# Need Advice on Shipping My Luggage from DF to Merida



## lizinmexico (Jun 28, 2012)

Hi everyone. Recently joined the Forum and am very much enjoying reading the posts from everyone. I am an EFL teacher, living in DF since Nov 2011. Transferring to a new job in Merida in two weeks. Have accumulated a few things here that I'll need to bring with me. It will prob be about four duffel bags' worth and I'm trying to find a less expensive option (if there is one) to paying the airline excess baggage fee. I checked a few services online but most refer to international from/to US/UK/EU and don't have rates for within Mexico.
Any suggestions ? Thanks in advance ! Liz


----------



## TundraGreen (Jul 15, 2010)

lizinmexico said:


> Hi everyone. Recently joined the Forum and am very much enjoying reading the posts from everyone. I am an EFL teacher, living in DF since Nov 2011. Transferring to a new job in Merida in two weeks. Have accumulated a few things here that I'll need to bring with me. It will prob be about four duffel bags' worth and I'm trying to find a less expensive option (if there is one) to paying the airline excess baggage fee. I checked a few services online but most refer to international from/to US/UK/EU and don't have rates for within Mexico.
> Any suggestions ? Thanks in advance ! Liz


Take the bus. There are no baggage limits on buses. Just tip the baggage handlers. Cost is around $1600 pesos. Time required: about 20 hours. The buses are comfortable.


----------



## Isla Verde (Oct 19, 2011)

TundraGreen said:


> Take the bus. There are no baggage limits on buses. Just tip the baggage handlers. Cost is around $1600 pesos. Time required: about 20 hours. The buses are comfortable.
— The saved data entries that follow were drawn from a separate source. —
(* Let $p\ge0$, $q\ge1$, $\mathbf{k}=(k_1,\dots,k_r)$ with $k_i\ge1$, and let $\tilde V$ denote $\tilde V_{\mathbf{k}}(\mathbb{R}^{p,q})$ if $q\ge2$, or a fixed component $\tilde V_{\mathbf{k}}(\mathbb{R}^{p,1})_\Sigma$ if $q=1$. Let $\tilde V^\infty=\tilde V\cup\{\infty\}$ be its one-point compactification. For every $\lambda\in\mathbb{P}(\mathbf{k})$, the subspace $F_\lambda\subseteq\tilde V^\infty$ consisting of $\infty$ together with all $Z\in\tilde V$ with $\omega(Q^Z)\ge\lambda$ is closed in $\tilde V^\infty$.
   Context: $d=p+q$; points of $\mathbb{R}^d$ are written $(\zeta,t)\in\mathbb{R}^{d-1}\times\mathbb{R}$ with projections $\mathrm{pr}_\zeta,\mathrm{pr}_t$; $\mathrm{pr}_1$ is the projection to the first $p$ coordinates. $\tilde V_{\mathbf{k}}(\mathbb{R}^{p,q})\subseteq\prod_i(\mathbb{R}^d)^{k_i}$ consists of tuples $Z=(z_i^j)$ of pairwise distinct points with $\mathrm{pr}_1(z_i^1)=\dots=\mathrm{pr}_1(z_i^{k_i})$ for each $i$; for $q=1$ and $\Sigma=(\sigma_i)\in\prod\mathfrak{S}_{k_i}$, $\tilde V_{\mathbf{k}}(\mathbb{R}^{p,1})_\Sigma$ is the subset where $\mathrm{pr}_t(z_i^{\sigma_i(j)})<\mathrm{pr}_t(z_i^{\sigma_i(j+1)})$ for all $i,j$. Table $T_{\mathbf{k}}=\{(i,j):1\le i\le r,1\le j\le k_i\}$ with lexicographic order $<$. A ray partition $Q$ of type $\mathbf{k}$: partition of $T_{\mathbf{k}}$ into nonempty $Q_1,\dots,Q_l$ with total orders $\prec_\beta$, such that $\min(Q_1,<)<\dots<\min(Q_l,<)$ and $\min(Q_\beta,\prec_\beta)=\min(Q_\beta,<)$. It is witnessed by $Z$ if all $z_i^j$, $(i,j)\in Q_\beta$, have the same $\mathrm{pr}_\zeta$, and $(i,j)\prec_\beta(i',j')$ implies $\mathrm{pr}_t(z_i^j)<\mathrm{pr}_t(z_{i'}^{j'})$. Weight $\omega(Q)=(|Q_1|,\dots,|Q_l|)\in\mathbb{P}(\mathbf{k})$, the set of sequences of positive integers summing to $|\mathbf{k}|=\sum k_i$, ordered lexicographically after padding with zeros. For each $Z\in\tilde V$, $Q^Z$ denotes the unique ray partition witnessed by $Z$ of maximal weight among those witnessed by $Z$ (its existence and uniqueness is known). *)

theory Defs
  imports "HOL-Analysis.Analysis" "HOL-Combinatorics.Permutations"
begin

text \<open>A point of R^d is a function nat => real; its coordinates are indexed by 0,...,d-1
  (all other values are required to be 0 on configurations).
  pr_1 = coordinates 0..<p, pr_zeta = coordinates 0..<d-1, pr_t = coordinate d-1.
  The multi-index k = (k_1,...,k_r) is given by r and k :: nat => nat (k i for 1 <= i <= r).\<close>

type_synonym point = "nat \<Rightarrow> real"
type_synonym config = "nat \<times> nat \<Rightarrow> point"

definition table :: "nat \<Rightarrow> (nat \<Rightarrow> nat) \<Rightarrow> (nat \<times> nat) set" where
  "table r k = {(i, j). 1 \<le> i \<and> i \<le> r \<and> 1 \<le> j \<and> j \<le> k i}"

definition total_size :: "nat \<Rightarrow> (nat \<Rightarrow> nat) \<Rightarrow> nat" where
  "total_size r k = (\<Sum>i = 1..r. k i)"

definition pr_t :: "nat \<Rightarrow> point \<Rightarrow> real" where
  "pr_t d x = x (d - 1)"

definition same_zeta :: "nat \<Rightarrow> point \<Rightarrow> point \<Rightarrow> bool" where
  "same_zeta d x y \<longleftrightarrow> (\<forall>c < d - 1. x c = y c)"
(* Let $n\in\mathbb{N}$ and $n-1<\beta<n$, and let $X=\mathsf{X}_\beta$ with alphabet $\mathcal{A}_\beta$. Define $\varphi\colon\mathcal{A}_\beta\to\{0,1\}^*$ by $\varphi(j)=1^j0$, extend it to words by concatenation, and let $X'$ be the shift space whose language consists of all subwords of words $\varphi(w)$, $w\in\mathcal{B}(X)$. Define $\varphi\colon X^+\to X'^+$ by $\varphi(x_1x_2\cdots)=\varphi(x_1)\varphi(x_2)\cdots$. Then $\varphi\colon X^+\to X'^+$ is surjective and order preserving with respect to the lexicographic order.
   Context: For $\beta>1$, let $e(\beta)=x_1x_2\cdots$ be the $\beta$-expansion of $1$ ($x_1=\lfloor\beta\rfloor$, $r_1=\{\beta\}$, $x_n=\lfloor\beta r_{n-1}\rfloor$, $r_n=\{\beta r_{n-1}\}$). The generating sequence is $g(\beta)=e(\beta)$ if $e(\beta)$ has infinitely many nonzero terms, and $g(\beta)=(a_1\cdots a_{k-1}(a_k-1))^\infty$ if $e(\beta)=a_1\cdots a_k00\cdots$ with $a_k\neq0$. The beta-shift $\mathsf{X}_\beta$ is the two-sided shift space whose language $\mathcal{B}(\mathsf{X}_\beta)$ is the set of words $x_n(t)\cdots x_m(t)$ occurring in $\beta$-expansions of $t\in[0,1]$; for non-integer $\beta$ its alphabet is $\mathcal{A}_\beta=\{0,\ldots,\lfloor\beta\rfloor\}$. A one-sided sequence $y_1y_2\cdots$ is a right-ray of $\mathsf{X}_\beta$ iff $y_ky_{k+1}\cdots\le g(\beta)$ lexicographically for all $k$. For a shift space $Y$, $Y^+=\{y_0y_1y_2\cdots\mid y\in Y\}$ is its set of right-rays, ordered lexicographically. *)

theory Defs
  imports Complex_Main
begin

fun beta_rem :: "real \<Rightarrow> real \<Rightarrow> nat \<Rightarrow> real" where
  "beta_rem \<beta> t 0 = t"
| "beta_rem \<beta> t (Suc k) = frac (\<beta> * beta_rem \<beta> t k)"

text \<open>Digit x_(k+1)(t) = floor(beta r_k(t)); index k here corresponds to x_(k+1).\<close>
definition beta_digit :: "real \<Rightarrow> real \<Rightarrow> nat \<Rightarrow> nat" where
  "beta_digit \<beta> t k = nat \<lfloor>\<beta> * beta_rem \<beta> t k\<rfloor>"

definition beta_lang :: "real \<Rightarrow> nat list set" where
  "beta_lang \<beta> = {map (beta_digit \<beta> t) [i..<j] | t i j. 0 \<le> t \<and> t \<le> 1 \<and> i < j}"

definition shift_of_lang :: "nat list set \<Rightarrow> (int \<Rightarrow> nat) set" where
  "shift_of_lang L = {y. \<forall>i j. i \<le> j \<longrightarrow> map y [i..j] \<in> L}"

definition right_rays :: "(int \<Rightarrow> nat) set \<Rightarrow> (nat \<Rightarrow> nat) set" where
  "right_rays Y = {(\<lambda>k. y (int k)) | y. y \<in> Y}"

definition beta_shift :: "real \<Rightarrow> (int \<Rightarrow> nat) set" where
  "beta_shift \<beta> = shift_of_lang (beta_lang \<beta>)"

definition phi_sym :: "nat \<Rightarrow> nat list" where
  "phi_sym j = replicate j 1 @ [0]"

definition phi_word :: "nat list \<Rightarrow> nat list" where
  "phi_word w = concat (map phi_sym w)"

definition phi_lang :: "nat list set \<Rightarrow> nat list set" where
  "phi_lang L = {v. \<exists>w \<in> L. \<exists>p s. phi_word w = p @ v @ s}"

text \<open>phi on one-sided sequences: phi(x_0 x_1 ...) = phi(x_0) phi(x_1) ...\<close>
function phi_seq :: "(nat \<Rightarrow> nat) \<Rightarrow> nat \<Rightarrow> nat" where
  "phi_seq x p = (if p < x 0 then 1 else if p = x 0 then 0
                  else phi_seq (\<lambda>k. x (Suc k)) (p - Suc (x 0)))"
  by auto
termination by (relation "measure snd") auto

definition lex_le :: "(nat \<Rightarrow> nat) \<Rightarrow> (nat \<Rightarrow> nat) \<Rightarrow> bool" where
  "lex_le x y \<longleftrightarrow> x = y \<or> (\<exists>k. (\<forall>i<k. x i = y i) \<and> x k < y k)"

end

theory Submission
  imports Defs "HOL-Library.Omega_Words_Fun"
begin

text \<open>
  The substitution codes a digit j as a block of j ones followed by a zero, so it is order
  preserving: at the first position k where x and y differ, x k < y k, the image of x shows its
  zero where the image of y still shows a one. A right-ray of the beta-shift is a sequence all of
  whose prefixes begin beta-expansions of numbers in [0,1); such prefixes may be padded on the left
  by zeros, which yields two-sided witnesses for the ray and for its image.

  Conversely, a right-ray y of X' is a 0-1 sequence. All digits of an expansion of a number in
  [0,1] are below n, so y contains no run of n ones, hence infinitely many zeros, and reading off
  the lengths of its blocks gives x with phi x = y. The image of each prefix of x occurs, after
  some letter, inside the image of an expansion of some r in [0,1]. It therefore starts right
  after a block b or strictly inside it, and the prefix of x begins the expansion of frac (beta r)
  or of (a + frac (beta r)) / beta with a < b, both of which lie in [0,1).
\<close>

section \<open>The substitution on finite words\<close>

lemma phi_word_Nil [simp]: "phi_word [] = []"
  and phi_word_Cons [simp]: "phi_word (a # w) = replicate a 1 @ 0 # phi_word w"
  and phi_word_append [simp]: "phi_word (u @ v) = phi_word u @ phi_word v"
  by (simp_all add: phi_word_def phi_sym_def)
Good advice. I would say that inter-city buses in Mexico can even be luxurious!


----------



## lizinmexico (Jun 28, 2012)

TundraGreen said:


> Take the bus. There are no baggage limits on buses. Just tip the baggage handlers. Cost is around $1600 pesos. Time required: about 20 hours. The buses are comfortable.




Hi . Thanks for replying. Yes, I'd thought of the bus, just not crazy about a 20 hour bus ride. But maybe I will reconsider. thanks!


----------



## TundraGreen (Jul 15, 2010)

lizinmexico said:


> Hi . Thanks for replying. Yes, I'd thought of the bus, just not crazy about a 20 hour bus ride. But maybe I will reconsider. thanks!


Before moving to Mexico, I had the same attitude about bus rides. However, after many long rides, I have changed my opinion. I find it very relaxing. You can catch up on reading or sleeping, see some countryside, or watch the movies, sometimes there are decent movies. Many of them even have internet, so you can keep up with email or spend time on the web.


----------



## lizinmexico (Jun 28, 2012)

lizinmexico said:


> Hi . Thanks for replying. Yes, I'd thought of the bus, just not crazy about a 20 hour bus ride. But maybe I will reconsider. thanks!


Ok, so now that I'm considering taking the bus, has anyone done it and what is it like? For a 20 hr trip, I'd assume they make several rest stops along the way. Also, do they stop for meals or serve something simple (e.g.,sandwich) onboard? I've taken the buses for shorter (4-5 hrs) trips and I agree they are quite comfortable, but 20 hrs is something of a "commitment," if you will. Thanks!


----------



## joaquinx (Jul 3, 2010)

ADO has a 25kg per ticket. Anything about that is considered excess baggage and you will be charged for it.


----------



## lizinmexico (Jun 28, 2012)

joaquinx said:


> ADO has a 25kg per ticket. Anything about that is considered excess baggage and you will be charged for it.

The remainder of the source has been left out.